**WORK ORDER**
Of the material below, the lines to be retyped are those from the line containing "using sets.sets_into_space[OF S]" through the line containing "S) + emeasure", inclusive; reproduce them exactly.
(DATA EXTRACT Opens)
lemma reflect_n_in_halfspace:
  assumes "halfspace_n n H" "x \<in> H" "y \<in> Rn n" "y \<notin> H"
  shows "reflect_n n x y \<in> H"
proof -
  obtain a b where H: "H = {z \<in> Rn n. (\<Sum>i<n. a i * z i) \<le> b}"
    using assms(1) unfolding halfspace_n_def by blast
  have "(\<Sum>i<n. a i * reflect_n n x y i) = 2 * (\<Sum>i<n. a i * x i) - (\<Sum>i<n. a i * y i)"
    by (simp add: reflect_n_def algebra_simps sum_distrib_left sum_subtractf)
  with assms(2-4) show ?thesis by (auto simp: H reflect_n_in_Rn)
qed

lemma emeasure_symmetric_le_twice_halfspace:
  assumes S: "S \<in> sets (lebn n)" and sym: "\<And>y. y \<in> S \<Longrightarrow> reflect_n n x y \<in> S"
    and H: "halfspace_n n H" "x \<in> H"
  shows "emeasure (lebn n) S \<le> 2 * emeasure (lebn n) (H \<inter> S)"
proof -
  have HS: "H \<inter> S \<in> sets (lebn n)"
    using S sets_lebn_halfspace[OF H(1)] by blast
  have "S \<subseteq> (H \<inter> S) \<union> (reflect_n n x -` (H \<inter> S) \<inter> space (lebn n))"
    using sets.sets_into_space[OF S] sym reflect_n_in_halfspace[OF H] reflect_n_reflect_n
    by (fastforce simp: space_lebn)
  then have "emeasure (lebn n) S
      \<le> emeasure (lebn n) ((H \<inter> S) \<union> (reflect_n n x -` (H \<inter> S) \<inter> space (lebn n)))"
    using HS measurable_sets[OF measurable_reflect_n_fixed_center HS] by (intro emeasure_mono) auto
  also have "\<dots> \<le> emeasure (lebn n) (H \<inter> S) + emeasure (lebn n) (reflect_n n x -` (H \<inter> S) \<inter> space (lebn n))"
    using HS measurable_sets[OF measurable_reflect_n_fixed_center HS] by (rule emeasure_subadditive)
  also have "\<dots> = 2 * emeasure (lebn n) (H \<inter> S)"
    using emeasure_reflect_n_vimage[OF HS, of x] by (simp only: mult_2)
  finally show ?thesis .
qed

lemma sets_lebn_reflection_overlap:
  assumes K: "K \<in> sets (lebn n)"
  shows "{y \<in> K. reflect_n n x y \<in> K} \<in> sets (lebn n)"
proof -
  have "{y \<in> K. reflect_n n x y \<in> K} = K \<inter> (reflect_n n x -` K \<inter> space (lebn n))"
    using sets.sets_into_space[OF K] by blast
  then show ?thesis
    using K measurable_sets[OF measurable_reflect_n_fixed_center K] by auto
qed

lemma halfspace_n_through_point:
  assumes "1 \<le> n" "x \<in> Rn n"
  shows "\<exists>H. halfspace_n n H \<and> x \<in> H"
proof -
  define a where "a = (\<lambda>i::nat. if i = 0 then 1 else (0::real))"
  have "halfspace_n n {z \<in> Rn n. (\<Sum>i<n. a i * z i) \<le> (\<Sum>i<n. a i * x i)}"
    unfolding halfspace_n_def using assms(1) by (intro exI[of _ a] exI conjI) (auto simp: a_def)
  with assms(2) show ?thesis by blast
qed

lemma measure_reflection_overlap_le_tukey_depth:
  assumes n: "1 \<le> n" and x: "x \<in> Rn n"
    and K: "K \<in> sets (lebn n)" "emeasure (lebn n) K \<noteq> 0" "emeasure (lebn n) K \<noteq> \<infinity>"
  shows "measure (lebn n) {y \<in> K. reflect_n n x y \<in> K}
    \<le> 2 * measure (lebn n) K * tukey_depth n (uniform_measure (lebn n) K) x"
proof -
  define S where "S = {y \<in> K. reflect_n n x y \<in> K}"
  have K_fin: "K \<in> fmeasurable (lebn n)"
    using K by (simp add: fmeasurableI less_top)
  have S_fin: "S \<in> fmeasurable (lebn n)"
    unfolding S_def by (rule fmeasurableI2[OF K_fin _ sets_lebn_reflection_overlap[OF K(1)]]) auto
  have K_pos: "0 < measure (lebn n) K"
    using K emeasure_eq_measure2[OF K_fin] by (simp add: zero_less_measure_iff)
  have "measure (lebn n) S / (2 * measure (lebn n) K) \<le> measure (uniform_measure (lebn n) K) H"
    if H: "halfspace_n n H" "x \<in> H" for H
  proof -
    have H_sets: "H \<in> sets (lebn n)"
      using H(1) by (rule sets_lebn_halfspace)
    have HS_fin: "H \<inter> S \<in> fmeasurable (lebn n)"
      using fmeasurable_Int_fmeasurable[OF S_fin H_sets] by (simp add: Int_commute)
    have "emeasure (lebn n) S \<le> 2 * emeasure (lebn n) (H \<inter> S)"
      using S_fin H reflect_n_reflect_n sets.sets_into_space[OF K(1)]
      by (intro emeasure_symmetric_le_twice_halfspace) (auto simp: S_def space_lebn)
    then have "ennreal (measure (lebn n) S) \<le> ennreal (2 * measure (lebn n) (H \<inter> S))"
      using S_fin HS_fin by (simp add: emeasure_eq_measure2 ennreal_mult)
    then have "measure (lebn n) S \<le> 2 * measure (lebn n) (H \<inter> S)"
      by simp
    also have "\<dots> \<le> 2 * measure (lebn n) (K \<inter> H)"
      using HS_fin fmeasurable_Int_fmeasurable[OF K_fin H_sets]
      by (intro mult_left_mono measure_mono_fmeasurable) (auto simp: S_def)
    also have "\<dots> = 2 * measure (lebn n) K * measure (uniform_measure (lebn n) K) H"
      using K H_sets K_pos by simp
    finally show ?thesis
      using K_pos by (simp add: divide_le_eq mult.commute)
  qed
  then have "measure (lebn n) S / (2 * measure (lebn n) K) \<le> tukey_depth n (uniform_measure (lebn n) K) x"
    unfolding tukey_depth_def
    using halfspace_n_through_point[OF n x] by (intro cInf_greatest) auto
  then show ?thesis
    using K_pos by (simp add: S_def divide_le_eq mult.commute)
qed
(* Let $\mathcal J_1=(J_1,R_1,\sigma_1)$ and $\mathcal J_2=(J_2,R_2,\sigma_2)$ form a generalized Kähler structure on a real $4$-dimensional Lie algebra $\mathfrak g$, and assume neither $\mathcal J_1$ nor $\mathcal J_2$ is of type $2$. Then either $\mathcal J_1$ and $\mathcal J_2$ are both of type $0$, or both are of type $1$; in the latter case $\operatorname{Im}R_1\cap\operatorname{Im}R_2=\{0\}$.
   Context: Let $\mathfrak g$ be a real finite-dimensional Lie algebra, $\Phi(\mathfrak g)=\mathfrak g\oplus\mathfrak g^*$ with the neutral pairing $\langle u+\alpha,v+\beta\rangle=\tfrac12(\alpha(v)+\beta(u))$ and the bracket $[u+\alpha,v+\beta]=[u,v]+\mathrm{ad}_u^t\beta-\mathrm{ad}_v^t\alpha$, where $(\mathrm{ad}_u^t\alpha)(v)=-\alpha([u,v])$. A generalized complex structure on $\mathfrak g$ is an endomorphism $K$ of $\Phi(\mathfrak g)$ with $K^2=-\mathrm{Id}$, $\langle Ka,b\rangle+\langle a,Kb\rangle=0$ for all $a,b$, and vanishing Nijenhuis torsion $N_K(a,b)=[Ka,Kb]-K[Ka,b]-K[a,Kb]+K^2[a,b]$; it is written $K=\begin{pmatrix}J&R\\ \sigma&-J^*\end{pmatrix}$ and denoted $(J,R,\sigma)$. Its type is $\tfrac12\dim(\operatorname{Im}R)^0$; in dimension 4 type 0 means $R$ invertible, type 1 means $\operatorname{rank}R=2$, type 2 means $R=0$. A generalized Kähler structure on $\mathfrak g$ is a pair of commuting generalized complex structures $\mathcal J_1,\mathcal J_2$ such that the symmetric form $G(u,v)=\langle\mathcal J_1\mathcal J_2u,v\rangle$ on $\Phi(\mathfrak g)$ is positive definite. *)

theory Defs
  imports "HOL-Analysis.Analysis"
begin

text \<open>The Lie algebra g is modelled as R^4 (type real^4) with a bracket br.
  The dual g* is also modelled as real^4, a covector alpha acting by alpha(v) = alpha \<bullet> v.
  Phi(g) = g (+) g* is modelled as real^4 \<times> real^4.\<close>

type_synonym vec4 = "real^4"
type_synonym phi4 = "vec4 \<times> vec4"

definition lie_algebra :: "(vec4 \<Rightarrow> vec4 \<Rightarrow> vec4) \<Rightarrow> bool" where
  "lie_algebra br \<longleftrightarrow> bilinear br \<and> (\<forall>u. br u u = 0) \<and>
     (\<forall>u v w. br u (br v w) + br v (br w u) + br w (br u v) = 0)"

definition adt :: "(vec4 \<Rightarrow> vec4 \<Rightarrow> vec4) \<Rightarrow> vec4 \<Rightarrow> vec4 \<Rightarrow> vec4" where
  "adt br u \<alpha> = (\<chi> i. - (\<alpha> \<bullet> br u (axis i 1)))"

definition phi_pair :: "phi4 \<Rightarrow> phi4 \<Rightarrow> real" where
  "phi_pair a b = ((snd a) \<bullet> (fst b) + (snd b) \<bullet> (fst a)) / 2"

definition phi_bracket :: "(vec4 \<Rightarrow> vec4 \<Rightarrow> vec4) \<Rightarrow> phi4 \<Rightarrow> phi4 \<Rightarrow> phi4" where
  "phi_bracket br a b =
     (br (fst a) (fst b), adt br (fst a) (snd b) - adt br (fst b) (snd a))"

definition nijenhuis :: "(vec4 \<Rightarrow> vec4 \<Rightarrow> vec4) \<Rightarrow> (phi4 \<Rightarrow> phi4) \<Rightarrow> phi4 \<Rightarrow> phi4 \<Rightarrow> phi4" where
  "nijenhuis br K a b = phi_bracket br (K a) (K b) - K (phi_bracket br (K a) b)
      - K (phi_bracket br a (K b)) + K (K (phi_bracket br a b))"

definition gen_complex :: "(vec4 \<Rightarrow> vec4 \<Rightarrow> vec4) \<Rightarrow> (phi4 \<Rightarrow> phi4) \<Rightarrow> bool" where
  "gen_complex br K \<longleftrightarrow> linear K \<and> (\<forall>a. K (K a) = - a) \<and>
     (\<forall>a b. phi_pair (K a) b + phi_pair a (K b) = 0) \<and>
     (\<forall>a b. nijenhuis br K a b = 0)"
(DATA EXTRACT Closes)
**YOUR RESPONSE**
    using sets.sets_into_space[OF S] sym reflect_n_in_halfspace[OF H] reflect_n_reflect_n
    by (fastforce simp: space_lebn)
  then have "emeasure (lebn n) S
      \<le> emeasure (lebn n) ((H \<inter> S) \<union> (reflect_n n x -` (H \<inter> S) \<inter> space (lebn n)))"
    using HS measurable_sets[OF measurable_reflect_n_fixed_center HS] by (intro emeasure_mono) auto
  also have "\<dots> \<le> emeasure (lebn n) (H \<inter> S) + emeasure (lebn n) (reflect_n n x -` (H \<inter> S) \<inter> space (lebn n))"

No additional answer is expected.